[Problem to solve] Your task is to filter the data below down to the lines holding "dots".

[Data for processing]
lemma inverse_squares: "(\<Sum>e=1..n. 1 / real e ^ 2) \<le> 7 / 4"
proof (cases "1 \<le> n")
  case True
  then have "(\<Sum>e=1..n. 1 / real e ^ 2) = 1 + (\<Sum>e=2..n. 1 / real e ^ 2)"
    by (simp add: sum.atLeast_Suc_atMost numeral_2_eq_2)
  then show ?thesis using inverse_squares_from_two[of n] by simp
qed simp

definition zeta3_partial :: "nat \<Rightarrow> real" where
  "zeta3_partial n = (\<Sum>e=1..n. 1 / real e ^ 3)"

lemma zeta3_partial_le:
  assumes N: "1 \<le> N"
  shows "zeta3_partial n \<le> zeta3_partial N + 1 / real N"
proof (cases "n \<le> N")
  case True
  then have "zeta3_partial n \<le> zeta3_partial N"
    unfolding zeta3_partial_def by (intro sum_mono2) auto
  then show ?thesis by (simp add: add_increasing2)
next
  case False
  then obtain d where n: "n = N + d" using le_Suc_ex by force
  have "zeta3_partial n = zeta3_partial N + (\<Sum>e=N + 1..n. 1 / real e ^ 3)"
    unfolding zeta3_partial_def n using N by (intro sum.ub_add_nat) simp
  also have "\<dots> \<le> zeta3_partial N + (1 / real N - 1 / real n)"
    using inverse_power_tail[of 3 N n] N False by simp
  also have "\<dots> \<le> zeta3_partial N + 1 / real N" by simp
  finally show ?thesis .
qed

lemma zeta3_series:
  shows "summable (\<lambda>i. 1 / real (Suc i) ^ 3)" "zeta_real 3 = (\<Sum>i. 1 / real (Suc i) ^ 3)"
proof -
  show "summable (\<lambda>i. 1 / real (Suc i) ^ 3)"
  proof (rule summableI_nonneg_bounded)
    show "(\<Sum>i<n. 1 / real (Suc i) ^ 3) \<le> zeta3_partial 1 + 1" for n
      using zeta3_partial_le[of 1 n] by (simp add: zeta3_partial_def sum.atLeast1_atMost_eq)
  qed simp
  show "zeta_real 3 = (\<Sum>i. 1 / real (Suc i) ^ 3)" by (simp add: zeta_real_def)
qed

---

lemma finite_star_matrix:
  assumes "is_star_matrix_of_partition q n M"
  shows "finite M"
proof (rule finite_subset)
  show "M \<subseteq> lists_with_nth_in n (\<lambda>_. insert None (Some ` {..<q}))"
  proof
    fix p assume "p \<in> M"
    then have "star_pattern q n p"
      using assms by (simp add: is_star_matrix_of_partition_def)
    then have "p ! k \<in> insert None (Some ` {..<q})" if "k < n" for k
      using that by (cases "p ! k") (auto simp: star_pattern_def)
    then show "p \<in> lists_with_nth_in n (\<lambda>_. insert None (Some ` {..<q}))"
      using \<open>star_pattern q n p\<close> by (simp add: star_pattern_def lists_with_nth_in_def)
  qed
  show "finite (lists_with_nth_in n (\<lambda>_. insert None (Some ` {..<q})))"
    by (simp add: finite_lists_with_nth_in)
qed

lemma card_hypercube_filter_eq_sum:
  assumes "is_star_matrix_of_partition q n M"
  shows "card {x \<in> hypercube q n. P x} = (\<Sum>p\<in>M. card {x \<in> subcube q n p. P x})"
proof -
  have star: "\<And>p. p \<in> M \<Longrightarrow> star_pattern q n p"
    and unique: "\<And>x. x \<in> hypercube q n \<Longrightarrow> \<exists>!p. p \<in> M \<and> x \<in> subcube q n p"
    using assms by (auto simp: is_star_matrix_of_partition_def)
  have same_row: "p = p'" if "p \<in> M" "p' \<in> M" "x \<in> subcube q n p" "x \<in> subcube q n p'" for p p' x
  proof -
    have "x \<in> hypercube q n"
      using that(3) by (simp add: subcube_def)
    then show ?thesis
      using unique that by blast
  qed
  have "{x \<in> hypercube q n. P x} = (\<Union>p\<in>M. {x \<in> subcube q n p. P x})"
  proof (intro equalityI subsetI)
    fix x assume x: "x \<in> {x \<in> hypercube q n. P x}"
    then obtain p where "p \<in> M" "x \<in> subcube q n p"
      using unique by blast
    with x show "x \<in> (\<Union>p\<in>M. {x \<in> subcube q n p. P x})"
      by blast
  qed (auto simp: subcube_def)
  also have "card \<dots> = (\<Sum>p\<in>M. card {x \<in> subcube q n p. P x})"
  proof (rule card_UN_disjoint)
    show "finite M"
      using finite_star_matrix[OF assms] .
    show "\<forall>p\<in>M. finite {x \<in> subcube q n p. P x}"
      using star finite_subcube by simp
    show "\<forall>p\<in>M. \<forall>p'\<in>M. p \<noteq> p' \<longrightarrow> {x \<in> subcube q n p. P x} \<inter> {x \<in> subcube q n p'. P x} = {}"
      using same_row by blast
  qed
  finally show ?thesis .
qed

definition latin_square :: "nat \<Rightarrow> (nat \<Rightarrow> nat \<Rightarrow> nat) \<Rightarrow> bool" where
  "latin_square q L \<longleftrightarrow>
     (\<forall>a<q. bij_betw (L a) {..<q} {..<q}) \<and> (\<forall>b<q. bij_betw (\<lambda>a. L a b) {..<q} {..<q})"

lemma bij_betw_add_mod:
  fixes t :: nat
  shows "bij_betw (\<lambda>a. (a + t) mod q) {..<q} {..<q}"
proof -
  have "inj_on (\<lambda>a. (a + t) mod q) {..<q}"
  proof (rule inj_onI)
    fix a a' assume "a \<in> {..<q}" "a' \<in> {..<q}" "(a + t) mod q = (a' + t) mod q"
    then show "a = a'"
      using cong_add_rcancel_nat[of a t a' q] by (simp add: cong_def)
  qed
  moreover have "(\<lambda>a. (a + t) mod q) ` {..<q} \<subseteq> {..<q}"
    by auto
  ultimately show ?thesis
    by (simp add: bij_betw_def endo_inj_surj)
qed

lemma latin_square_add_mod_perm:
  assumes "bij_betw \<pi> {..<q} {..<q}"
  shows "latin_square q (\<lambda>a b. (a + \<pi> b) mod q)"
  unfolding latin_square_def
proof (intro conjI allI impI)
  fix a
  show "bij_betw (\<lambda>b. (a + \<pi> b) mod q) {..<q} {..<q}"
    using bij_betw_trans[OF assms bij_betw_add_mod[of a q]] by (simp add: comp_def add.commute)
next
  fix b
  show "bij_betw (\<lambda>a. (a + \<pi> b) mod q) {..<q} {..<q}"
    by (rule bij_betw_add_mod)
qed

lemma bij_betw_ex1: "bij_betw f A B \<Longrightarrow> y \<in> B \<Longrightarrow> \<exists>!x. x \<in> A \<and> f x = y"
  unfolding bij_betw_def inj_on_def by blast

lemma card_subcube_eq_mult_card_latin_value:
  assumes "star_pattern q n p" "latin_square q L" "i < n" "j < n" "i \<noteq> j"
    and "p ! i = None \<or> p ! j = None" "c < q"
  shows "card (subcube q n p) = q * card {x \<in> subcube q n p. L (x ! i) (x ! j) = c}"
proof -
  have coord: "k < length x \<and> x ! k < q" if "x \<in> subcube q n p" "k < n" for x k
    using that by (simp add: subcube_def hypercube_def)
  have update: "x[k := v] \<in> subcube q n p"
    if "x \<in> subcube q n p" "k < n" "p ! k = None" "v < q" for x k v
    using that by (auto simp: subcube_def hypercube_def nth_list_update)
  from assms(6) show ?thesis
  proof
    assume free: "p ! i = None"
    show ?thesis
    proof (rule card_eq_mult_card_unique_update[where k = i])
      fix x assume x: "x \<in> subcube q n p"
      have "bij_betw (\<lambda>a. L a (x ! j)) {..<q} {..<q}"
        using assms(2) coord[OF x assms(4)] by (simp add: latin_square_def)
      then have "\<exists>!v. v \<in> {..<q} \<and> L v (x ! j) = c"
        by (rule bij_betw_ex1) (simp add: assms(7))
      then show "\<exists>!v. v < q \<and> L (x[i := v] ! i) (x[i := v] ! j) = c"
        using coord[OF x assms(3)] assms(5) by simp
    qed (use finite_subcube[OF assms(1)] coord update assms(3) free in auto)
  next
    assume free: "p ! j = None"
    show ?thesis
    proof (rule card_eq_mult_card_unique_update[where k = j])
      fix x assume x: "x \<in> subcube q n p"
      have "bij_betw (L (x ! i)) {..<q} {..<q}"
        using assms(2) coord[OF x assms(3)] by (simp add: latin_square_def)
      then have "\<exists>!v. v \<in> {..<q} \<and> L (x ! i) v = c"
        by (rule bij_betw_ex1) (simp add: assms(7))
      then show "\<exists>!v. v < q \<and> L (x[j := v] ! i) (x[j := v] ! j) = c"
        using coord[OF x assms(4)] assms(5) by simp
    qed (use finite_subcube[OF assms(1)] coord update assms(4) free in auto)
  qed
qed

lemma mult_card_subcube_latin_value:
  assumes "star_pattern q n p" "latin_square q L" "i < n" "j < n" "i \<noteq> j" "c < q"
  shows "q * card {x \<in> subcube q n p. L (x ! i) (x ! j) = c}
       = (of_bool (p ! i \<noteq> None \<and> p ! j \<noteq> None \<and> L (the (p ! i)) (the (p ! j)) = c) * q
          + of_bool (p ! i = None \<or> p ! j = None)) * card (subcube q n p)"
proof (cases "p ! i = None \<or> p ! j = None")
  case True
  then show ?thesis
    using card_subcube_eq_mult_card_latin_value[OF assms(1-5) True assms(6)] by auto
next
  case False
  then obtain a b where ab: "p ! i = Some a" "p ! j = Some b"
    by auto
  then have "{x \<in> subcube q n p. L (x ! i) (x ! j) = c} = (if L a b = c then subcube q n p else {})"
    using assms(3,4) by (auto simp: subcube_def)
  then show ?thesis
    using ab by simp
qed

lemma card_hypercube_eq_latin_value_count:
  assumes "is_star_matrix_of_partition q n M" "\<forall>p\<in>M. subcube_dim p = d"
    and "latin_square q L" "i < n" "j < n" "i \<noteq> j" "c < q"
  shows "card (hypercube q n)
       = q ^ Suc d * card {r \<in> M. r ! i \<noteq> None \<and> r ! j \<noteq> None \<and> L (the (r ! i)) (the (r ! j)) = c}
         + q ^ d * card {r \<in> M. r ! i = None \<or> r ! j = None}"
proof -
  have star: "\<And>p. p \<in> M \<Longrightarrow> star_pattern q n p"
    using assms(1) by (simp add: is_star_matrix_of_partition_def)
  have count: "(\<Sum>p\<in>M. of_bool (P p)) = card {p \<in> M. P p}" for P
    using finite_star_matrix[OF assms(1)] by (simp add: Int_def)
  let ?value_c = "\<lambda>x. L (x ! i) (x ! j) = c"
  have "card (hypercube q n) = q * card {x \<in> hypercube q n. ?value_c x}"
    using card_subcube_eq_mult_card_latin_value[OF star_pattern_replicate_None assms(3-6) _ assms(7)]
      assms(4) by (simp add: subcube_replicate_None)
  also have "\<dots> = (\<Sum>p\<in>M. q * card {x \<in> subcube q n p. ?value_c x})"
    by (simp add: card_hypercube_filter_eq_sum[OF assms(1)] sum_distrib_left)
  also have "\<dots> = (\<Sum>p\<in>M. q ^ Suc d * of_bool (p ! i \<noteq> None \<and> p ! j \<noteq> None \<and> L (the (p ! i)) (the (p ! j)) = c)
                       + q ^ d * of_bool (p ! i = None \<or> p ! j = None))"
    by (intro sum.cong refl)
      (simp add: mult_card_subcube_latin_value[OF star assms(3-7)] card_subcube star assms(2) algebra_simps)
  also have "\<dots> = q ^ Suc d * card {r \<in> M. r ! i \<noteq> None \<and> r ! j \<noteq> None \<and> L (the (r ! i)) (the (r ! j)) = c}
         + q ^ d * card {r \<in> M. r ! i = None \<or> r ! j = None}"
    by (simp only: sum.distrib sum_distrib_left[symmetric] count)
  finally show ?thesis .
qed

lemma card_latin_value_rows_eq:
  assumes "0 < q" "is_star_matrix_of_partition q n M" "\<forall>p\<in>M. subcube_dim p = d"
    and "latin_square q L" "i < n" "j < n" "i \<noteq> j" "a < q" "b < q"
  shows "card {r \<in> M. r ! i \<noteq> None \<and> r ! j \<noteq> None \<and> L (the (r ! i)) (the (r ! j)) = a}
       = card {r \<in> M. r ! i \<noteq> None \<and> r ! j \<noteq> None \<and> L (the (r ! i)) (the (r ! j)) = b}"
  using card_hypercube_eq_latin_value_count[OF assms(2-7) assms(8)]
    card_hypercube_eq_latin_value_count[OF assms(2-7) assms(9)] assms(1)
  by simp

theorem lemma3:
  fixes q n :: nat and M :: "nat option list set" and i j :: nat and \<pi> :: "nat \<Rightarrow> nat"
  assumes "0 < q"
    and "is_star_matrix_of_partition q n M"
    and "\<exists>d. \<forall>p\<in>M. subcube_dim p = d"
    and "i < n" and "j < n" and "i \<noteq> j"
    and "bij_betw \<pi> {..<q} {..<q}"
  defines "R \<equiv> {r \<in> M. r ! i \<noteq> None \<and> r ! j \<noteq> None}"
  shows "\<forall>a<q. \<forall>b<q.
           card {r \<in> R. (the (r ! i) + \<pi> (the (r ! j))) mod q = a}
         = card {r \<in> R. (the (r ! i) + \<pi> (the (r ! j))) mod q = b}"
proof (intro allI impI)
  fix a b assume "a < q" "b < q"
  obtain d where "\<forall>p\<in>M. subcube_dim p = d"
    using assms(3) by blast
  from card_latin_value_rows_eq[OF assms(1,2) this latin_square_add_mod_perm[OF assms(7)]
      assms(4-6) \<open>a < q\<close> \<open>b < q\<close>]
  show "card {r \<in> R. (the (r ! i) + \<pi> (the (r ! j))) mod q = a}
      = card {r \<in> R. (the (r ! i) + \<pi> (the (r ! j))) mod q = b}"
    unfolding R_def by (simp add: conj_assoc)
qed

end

[Your solution]
  also have "\<dots> \<le> zeta3_partial N + (1 / real N - 1 / real n)"
  also have "\<dots> \<le> zeta3_partial N + 1 / real N" by simp
  also have "card \<dots> = (\<Sum>p\<in>M. card {x \<in> subcube q n p. P x})"
  also have "\<dots> = (\<Sum>p\<in>M. q * card {x \<in> subcube q n p. ?value_c x})"
  also have "\<dots> = (\<Sum>p\<in>M. q ^ Suc d * of_bool (p ! i \<noteq> None \<and> p ! j \<noteq> None \<and> L (the (p ! i)) (the (p ! j)) = c)
  also have "\<dots> = q ^ Suc d * card {r \<in> M. r ! i \<noteq> None \<and> r ! j \<noteq> None \<and> L (the (r ! i)) (the (r ! j)) = c}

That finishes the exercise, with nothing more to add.